Canada – Liberals Return to Ottawa with a Minority Parliament
Dominating headlines this week was Justin Trudeau’s Liberals holding onto power in Monday’s election, albeit without a majority in parliament, and with a marked regional split in performance. As noted in our post-election analysis, there are a great deal of unknowns at this point around what parts of the Liberal platform will be kept, modified, or dropped, and what initiatives from other parties may be adapted to survive confidence votes in the coming months.

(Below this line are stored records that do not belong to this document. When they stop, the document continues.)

section \<open>The Lambert series\<close>

lemma lambert_series_alternating_eq:
  fixes x :: real
  assumes x: "\<bar>x\<bar> < 1"
  shows "(\<Sum>n. (-1) ^ Suc n * real (Suc n) * x ^ Suc n / (1 + x ^ Suc n))
         = (\<Sum>j. (-1) ^ Suc j * x ^ Suc j / (1 + x ^ Suc j)^2)"
proof -
  define F where "F n j = (-1) ^ Suc n * real (Suc n) * (-1) ^ j * x ^ (Suc n * Suc j)" for n j
  have pow_lt: "\<bar>x\<bar> ^ Suc k < 1" "\<bar>x ^ Suc k\<bar> < 1" for k
  proof -
    show "\<bar>x\<bar> ^ Suc k < 1"
      using power_strict_mono[OF x abs_ge_zero, of "Suc k"] by simp
    then show "\<bar>x ^ Suc k\<bar> < 1"
      by (simp only: power_abs)
  qed
  have F_row: "F n j = ((-1) ^ Suc n * real (Suc n) * x ^ Suc n) * (- (x ^ Suc n)) ^ j" for n j
  proof -
    have "x ^ (Suc n * Suc j) = x ^ Suc n * (x ^ Suc n) ^ j"
      by (simp only: power_mult power_Suc[of "x ^ Suc n" j])
    then show ?thesis
      unfolding F_def power_minus[of "x ^ Suc n" j] by (simp only: mult_ac)
  qed
  have F_col: "F n j = (-1) ^ Suc j * x ^ Suc j * (of_nat (Suc n) * (- (x ^ Suc j)) ^ n)" for n j
  proof -
    have "x ^ (Suc n * Suc j) = x ^ Suc j * (x ^ Suc j) ^ n"
      by (simp only: mult.commute[of "Suc n"] power_mult power_Suc[of "x ^ Suc j" n])
    then show ?thesis
      unfolding F_def power_minus[of "x ^ Suc j" n] by (simp add: mult_ac)
  qed
  have row_sums: "(\<lambda>j. F n j) sums ((-1) ^ Suc n * real (Suc n) * x ^ Suc n / (1 + x ^ Suc n))" for n
    using sums_mult[OF geometric_sums[of "- (x ^ Suc n)"], of "(-1) ^ Suc n * real (Suc n) * x ^ Suc n"] pow_lt(2)[of n]
    by (simp add: F_row divide_simps)
  have col_sums: "(\<lambda>n. F n j) sums ((-1) ^ Suc j * x ^ Suc j / (1 + x ^ Suc j)^2)" for j
    using sums_mult[OF geometric_deriv_sums[of "- (x ^ Suc j)"], of "(-1) ^ Suc j * x ^ Suc j"] pow_lt(2)[of j]
    by (simp add: F_col divide_simps)
  have row_norm_sums: "(\<lambda>j. norm (F n j)) sums (real (Suc n) * \<bar>x\<bar> ^ Suc n / (1 - \<bar>x\<bar> ^ Suc n))" for n
    using sums_mult[OF geometric_sums[of "\<bar>x\<bar> ^ Suc n"], of "real (Suc n) * \<bar>x\<bar> ^ Suc n"] pow_lt(1)[of n]
    by (simp add: F_row abs_mult power_abs divide_simps)
  have "summable (\<lambda>n. real (Suc n) * \<bar>x\<bar> ^ Suc n / (1 - \<bar>x\<bar> ^ Suc n))"
  proof (rule summable_comparison_test)
    have "summable (\<lambda>n. real (Suc n) * \<bar>x\<bar> ^ n)"
      using geometric_deriv_sums[of "\<bar>x\<bar>"] x by (simp add: sums_iff)
    then show "summable (\<lambda>n. \<bar>x\<bar> / (1 - \<bar>x\<bar>) * (real (Suc n) * \<bar>x\<bar> ^ n))"
      by (rule summable_mult)
    have "norm (real (Suc n) * \<bar>x\<bar> ^ Suc n / (1 - \<bar>x\<bar> ^ Suc n))
          \<le> \<bar>x\<bar> / (1 - \<bar>x\<bar>) * (real (Suc n) * \<bar>x\<bar> ^ n)" for n
    proof -
      have "\<bar>x\<bar> ^ Suc n \<le> \<bar>x\<bar>"
        using x by (simp add: mult_right_le_one_le power_le_one)
      then have "real (Suc n) * \<bar>x\<bar> ^ Suc n / (1 - \<bar>x\<bar> ^ Suc n)
                 \<le> real (Suc n) * \<bar>x\<bar> ^ Suc n / (1 - \<bar>x\<bar>)"
        using x by (intro divide_left_mono) auto
      moreover have "0 \<le> real (Suc n) * \<bar>x\<bar> ^ Suc n / (1 - \<bar>x\<bar> ^ Suc n)"
        using pow_lt(1)[of n] by (intro divide_nonneg_pos) auto
      ultimately show ?thesis
        by (simp only: real_norm_def abs_of_nonneg) (simp add: field_simps)
    qed
    then show "\<exists>N. \<forall>n\<ge>N. norm (real (Suc n) * \<bar>x\<bar> ^ Suc n / (1 - \<bar>x\<bar> ^ Suc n))
                 \<le> \<bar>x\<bar> / (1 - \<bar>x\<bar>) * (real (Suc n) * \<bar>x\<bar> ^ n)"
      by blast
  qed
  then have "(\<Sum>n. \<Sum>j. F n j) = (\<Sum>j. \<Sum>n. F n j)"
    using row_norm_sums by (intro suminf_swap_norm_summable) (auto simp: sums_iff)
  then show ?thesis
    using row_sums col_sums by (simp add: sums_iff)
qed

Some assumptions can be made. First, PM Trudeau pledged in his first post-election press conference to make changes to the tax system (increasing the tax-free earning threshold) his first order of business. All parties had measures to support near-term housing affordability in their platforms – some action on this front also seems like a safe bet. Wider deficits also look like a lock; the Liberal platform anticipated roughly $9bn more in annual borrowing by fiscal 2023 (Table 1) – sweeteners to garner support from other parties are likely to send these figures higher. However, the risk of tax increases elsewhere to support some of the ‘spendier’ measures that have been batted around cannot be dismissed (the NDP platform included an increase in the capital gains inclusion rate, for instance).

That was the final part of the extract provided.